**Task prompt**
Copy every line that contains the string "proof" from the entries below.

**Records for processing**

(* For an integer $k\ge 2$, the graph $\Gamma_k$ is self color dual if and only if $k$ is a power of $2$.
   Context: Let $T_0(x)=x/2$ and $T_1(x)=(3x+1)/2$. For a positive integer $k$, $\Gamma_k$ is the directed graph on $\mathbb{Z}/k\mathbb{Z}$ with a black arrow $r\to s$ iff there exist positive integers $x\equiv r$, $y\equiv s\pmod k$ with $x$ even and $T_0(x)=y$, and a red arrow $r\to s$ iff there exist such $x,y$ with $x$ odd and $T_1(x)=y$. The color dual of a red/black edge-coloured digraph is obtained by swapping the colours of all arrows; the digraph is self color dual if there is a bijection $\rho$ of its vertex set such that for all vertices $u,w$: there is a black arrow $u\to w$ iff there is a red arrow $\rho(u)\to\rho(w)$, and there is a red arrow $u\to w$ iff there is a black arrow $\rho(u)\to\rho(w)$. *)

theory Defs
  imports Main
begin

text \<open>Vertices of Gamma_k are the residues 0..k-1 (representing Z/kZ).\<close>

definition T0 :: "nat \<Rightarrow> nat" where "T0 x = x div 2"
definition T1 :: "nat \<Rightarrow> nat" where "T1 x = (3 * x + 1) div 2"

definition black_arrow :: "nat \<Rightarrow> nat \<Rightarrow> nat \<Rightarrow> bool" where
  "black_arrow k r s \<longleftrightarrow> (\<exists>x y. 0 < x \<and> 0 < y \<and> x mod k = r \<and> y mod k = s
       \<and> even x \<and> T0 x = y)"

definition red_arrow :: "nat \<Rightarrow> nat \<Rightarrow> nat \<Rightarrow> bool" where
  "red_arrow k r s \<longleftrightarrow> (\<exists>x y. 0 < x \<and> 0 < y \<and> x mod k = r \<and> y mod k = s
       \<and> odd x \<and> T1 x = y)"

definition self_color_dual :: "nat \<Rightarrow> bool" where
  "self_color_dual k \<longleftrightarrow> (\<exists>\<rho>. bij_betw \<rho> {0..<k} {0..<k} \<and>
     (\<forall>u\<in>{0..<k}. \<forall>w\<in>{0..<k}.
        (black_arrow k u w \<longleftrightarrow> red_arrow k (\<rho> u) (\<rho> w)) \<and>
        (red_arrow k u w \<longleftrightarrow> black_arrow k (\<rho> u) (\<rho> w))))"

end

theory Submission
  imports Defs "HOL-Number_Theory.Number_Theory"
begin

(* Both arrow colours of Gamma_k are reductions of arrows x -> T x of the Collatz
   map T, black for even and red for odd x.

   Sufficiency (k = 2N with N = 2^n).  Then u -> w is an arrow of Gamma_k iff
   T u = w (mod N), coloured by the parity of u.  The parity vector of the first
   n+1 Collatz iterates is a bijection of Z/2^(n+1), and in these coordinates an
   arrow p -> q becomes the binary shift relation  p div 2 = q mod N,  coloured by
   the last bit of p.  The complement p -> 2N-1-p preserves the shift relation and
   flips that bit, so conjugating it back gives the colour-swapping bijection.

   Necessity.  From a colour-swapping rho we build h(z) = rho(z mod k) + 1 on the
   integers; the arrows 2w -> w and 2m+1 -> 3m+2 give  3 h(2w) = 2 h(w)  and
   h(2m+1) + 1 = 2 h(3m+2)  (mod k).  These congruences rule out 3 | k, and with
   c = 1/3 mod k and k = 2^a M, M odd, they show that z -> h(2^a z) increases by a
   constant delta under translation by c, which together with the doubling rule
   forces 4 delta = 0, i.e. k | 2^(a+2). *)

definition collatz :: "nat \<Rightarrow> nat" where
  "collatz x = (if even x then T0 x else T1 x)"
(* Fill in the entry pairs (P(i,j), L(i,j)) one edge at a time, in order of increasing i + j.
   A 4-cycle candidate on rows i' < i and columns j' < j is completed at the edge (i,j), and once
   its other three entries are fixed, at most one of the M = (m+1)Z possible values of the last
   entry makes it active.  So at most i*j values are forbidden at (i,j), and the fraction of pairs
   (P,L) without an active candidate is at least the product of 1 - ij/M over all edges.  The
   hypothesis forces M to be large compared with Delta, resp. with gamma*kappa - gamma - kappa,
   and elementary estimates of this product give the two stated bounds, which are positive. *)

lemma card_PiE_avoiding_ge:
  fixes rank :: "'e \<Rightarrow> 'k::linorder" and Bad :: "'e \<Rightarrow> ('e \<Rightarrow> 'a) \<Rightarrow> 'a set"
  assumes "finite E" and "finite A"
    and Bad_card: "\<And>e f. card (A \<inter> Bad e f) \<le> c e"
    and Bad_local: "\<And>e f g. (\<And>e'. rank e' < rank e \<Longrightarrow> f e' = g e') \<Longrightarrow> Bad e f = Bad e g"
  shows "(\<Prod>e\<in>E. card A - c e) \<le> card {f \<in> E \<rightarrow>\<^sub>E A. \<forall>e\<in>E. f e \<notin> Bad e f}"
  using \<open>finite E\<close>
proof (induction E rule: finite_ranking_induct[where f = rank])
  case empty
  then show ?case by simp
next
  case (insert x S)
  define G where "G S = {f \<in> S \<rightarrow>\<^sub>E A. \<forall>e\<in>S. f e \<notin> Bad e f}" for S
  show ?case
  proof (cases "x \<in> S")
    case True
    then show ?thesis using insert.IH by (simp add: insert_absorb)
  next
    case False
    let ?extend = "\<lambda>(f, a). f(x := a)"
    let ?choices = "SIGMA f:G S. A - Bad x f"
    have "finite (G S)"
      unfolding G_def using insert.hyps(1) \<open>finite A\<close> by (simp add: finite_PiE)
    have into: "?extend ` ?choices \<subseteq> G (insert x S)"
    proof clarify
      fix f a assume f: "f \<in> G S" and a: "a \<in> A" "a \<notin> Bad x f"
      have "Bad e (f(x := a)) = Bad e f" if "e \<in> insert x S" for e
        by (rule Bad_local) (use that insert.hyps(2) in \<open>auto simp: not_less[symmetric]\<close>)
      then show "f(x := a) \<in> G (insert x S)"
        using f a False unfolding G_def by (auto simp: PiE_def extensional_def Pi_def)
    qed
    have inj: "inj_on ?extend ?choices"
    proof (rule inj_onI, clarify)
      fix f a g b assume "f \<in> G S" "g \<in> G S" and eq: "f(x := a) = g(x := b)"
      then have "f x = g x" using False unfolding G_def by (auto simp: PiE_def extensional_def)
      then show "f = g \<and> a = b" using eq by (metis fun_upd_triv fun_upd_upd fun_upd_same)
    qed
    have "finite (G (insert x S))"
      unfolding G_def using insert.hyps(1) \<open>finite A\<close> by (simp add: finite_PiE)
    have "card (A - Bad x f) \<ge> card A - c x" for f
      using Bad_card[of x f] \<open>finite A\<close> by (simp add: card_Diff_subset_Int)
    then have choices_ge: "card (G S) * (card A - c x) \<le> (\<Sum>f\<in>G S. card (A - Bad x f))"
      using sum_mono[of "G S" "\<lambda>_. card A - c x"] by simp
    have "(\<Prod>e\<in>insert x S. card A - c e) = (\<Prod>e\<in>S. card A - c e) * (card A - c x)"
      using insert.hyps(1) False by (simp add: mult.commute)
    also have "\<dots> \<le> card (G S) * (card A - c x)"
      using insert.IH unfolding G_def by (rule mult_le_mono1)
    also have "\<dots> \<le> (\<Sum>f\<in>G S. card (A - Bad x f))"
      by (rule choices_ge)
    also have "\<dots> = card ?choices"
      using \<open>finite (G S)\<close> \<open>finite A\<close> by simp
    also have "\<dots> \<le> card (G (insert x S))"
      using card_inj_on_le[OF inj into \<open>finite (G (insert x S))\<close>] .
    finally show ?thesis unfolding G_def .
  qed
qed

lemma pred_power_div_power_le:
  assumes "2 \<le> d"
  shows "real (d - 1) ^ (d - 1) / real d ^ d \<le> 1 / (2 * real d)"
proof -
  have pred: "real (d - 1) = real d - 1" and "real d - 1 > 0"
    using assms by (simp_all add: of_nat_diff)
  have "0 \<le> 1 / (real d - 1)" using \<open>real d - 1 > 0\<close> by simp
  then have "1 + real (d - 1) * (1 / (real d - 1)) \<le> (1 + 1 / (real d - 1)) ^ (d - 1)"
    by (intro Bernoulli_inequality) linarith
  then have "2 \<le> (real d / (real d - 1)) ^ (d - 1)"
    using \<open>real d - 1 > 0\<close> pred by (simp add: field_simps)
  then have "2 * (real d - 1) ^ (d - 1) \<le> real d ^ (d - 1)"
    using \<open>real d - 1 > 0\<close> by (simp add: power_divide field_simps)
  moreover have "real d ^ d = real d * real d ^ (d - 1)"
    using assms by (cases d) auto
  ultimately show ?thesis using pred \<open>real d - 1 > 0\<close> by (simp add: field_simps)
qed

lemma exp_neg_le_one_minus_divide:
  fixes c M :: real
  assumes "0 \<le> c" and "c + 1 \<le> M"
  shows "exp (- c) \<le> 1 - c / M"
proof -
  have "exp (- c) \<le> 1 / (1 + c)"
    using exp_ge_add_one_self[of c] assms(1) by (simp add: exp_minus field_simps)
  also have "\<dots> \<le> 1 - c / M"
    using assms mult_right_mono[OF assms(2) assms(1)] by (simp add: field_simps)
  finally show ?thesis .
qed

lemma powr_one_minus_le_exp:
  fixes x t :: real
  assumes "x \<le> 1" and "0 \<le> t"
  shows "(1 - x) powr t \<le> exp (- (x * t))"
proof (cases "x = 1")
  case False
  then have "ln (1 - x) \<le> - x" using assms(1) ln_le_minus_one[of "1 - x"] by simp
  then have "t * ln (1 - x) \<le> t * (- x)" by (rule mult_left_mono) (use assms(2) in simp)
  then show ?thesis using False assms(1) by (simp add: powr_def mult.commute)
qed simp

lemma cycle4_active_iff_ordered:
  "cycle4_active Z P L (j1, i1, j2, i2) \<longleftrightarrow>
     cycle4_active Z P L (max j1 j2, max i1 i2, min j1 j2, min i1 i2)"
  unfolding cycle4_active_def max_def min_def by (auto simp: add.commute)
(* Let $1\le l\le r$ and consider a canonical noiseless MMV model $B=AX$ in which $A$ satisfies $0\le\delta^L_{2k-r+l}(A)<1$ and the nonzero rows of $X$ are in general position. Let $I\subset\{1,\dots,n\}$ satisfy $|I|\le\min(2(k-r)+l-1,\,k-1)$, $|I\setminus\operatorname{supp}X|\le k-r+l-1$ and $|I\cap\operatorname{supp}X|\ge k-r$. Then for every $j\notin I$, the following are equivalent: (a) $j\in\operatorname{supp}X$; (b) $\operatorname{rank}[A_I~B]=\operatorname{rank}[A_{I\cup\{j\}}~B]$; (c) $\mathbf a_j^{*}P^\perp_{R([A_I~B])}\mathbf a_j=0$.
   Context: Canonical MMV setting: $m,n,r,k$ are positive integers with $r\le m<n$ and $r\le k$. $A\in\mathbb{R}^{m\times n}$ is the sensing matrix with columns $\mathbf a_1,\dots,\mathbf a_n$; $X\in\mathbb{R}^{n\times r}$ has rows $\mathbf x^1,\dots,\mathbf x^n$, $\operatorname{supp}X=\{i:\mathbf x^i\neq 0\}$ and $|\operatorname{supp}X|=k$; $B=AX\in\mathbb{R}^{m\times r}$ has full column rank $r$. For an index set $I$, $A_I$ is the submatrix of $A$ formed by the columns indexed by $I$, and $[A_I~B]$ denotes horizontal concatenation. $R(M)$ is the column space of $M$, $P_{R(M)}$ the orthogonal projection onto it, and $P^\perp_{R(M)}=\mathrm{Id}-P_{R(M)}$; $^*$ denotes transpose. The lower restricted isometry constant $\delta^L_s(A)$ is the smallest $\delta\ge0$ such that $(1-\delta)\|\mathbf x\|_2^2\le\|A\mathbf x\|_2^2$ for all $\mathbf x$ with at most $s$ nonzero entries. "The nonzero rows of $X$ are in general position" means any $r$ of the $k$ nonzero rows of $X$ are linearly independent. *)

theory Defs
  imports "HOL-Analysis.Analysis"
begin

**Written answer**
proof (induction E rule: finite_ranking_induct[where f = rank])
  proof (cases "x \<in> S")
    proof clarify
    proof (rule inj_onI, clarify)
proof -
proof -
proof (cases "x = 1")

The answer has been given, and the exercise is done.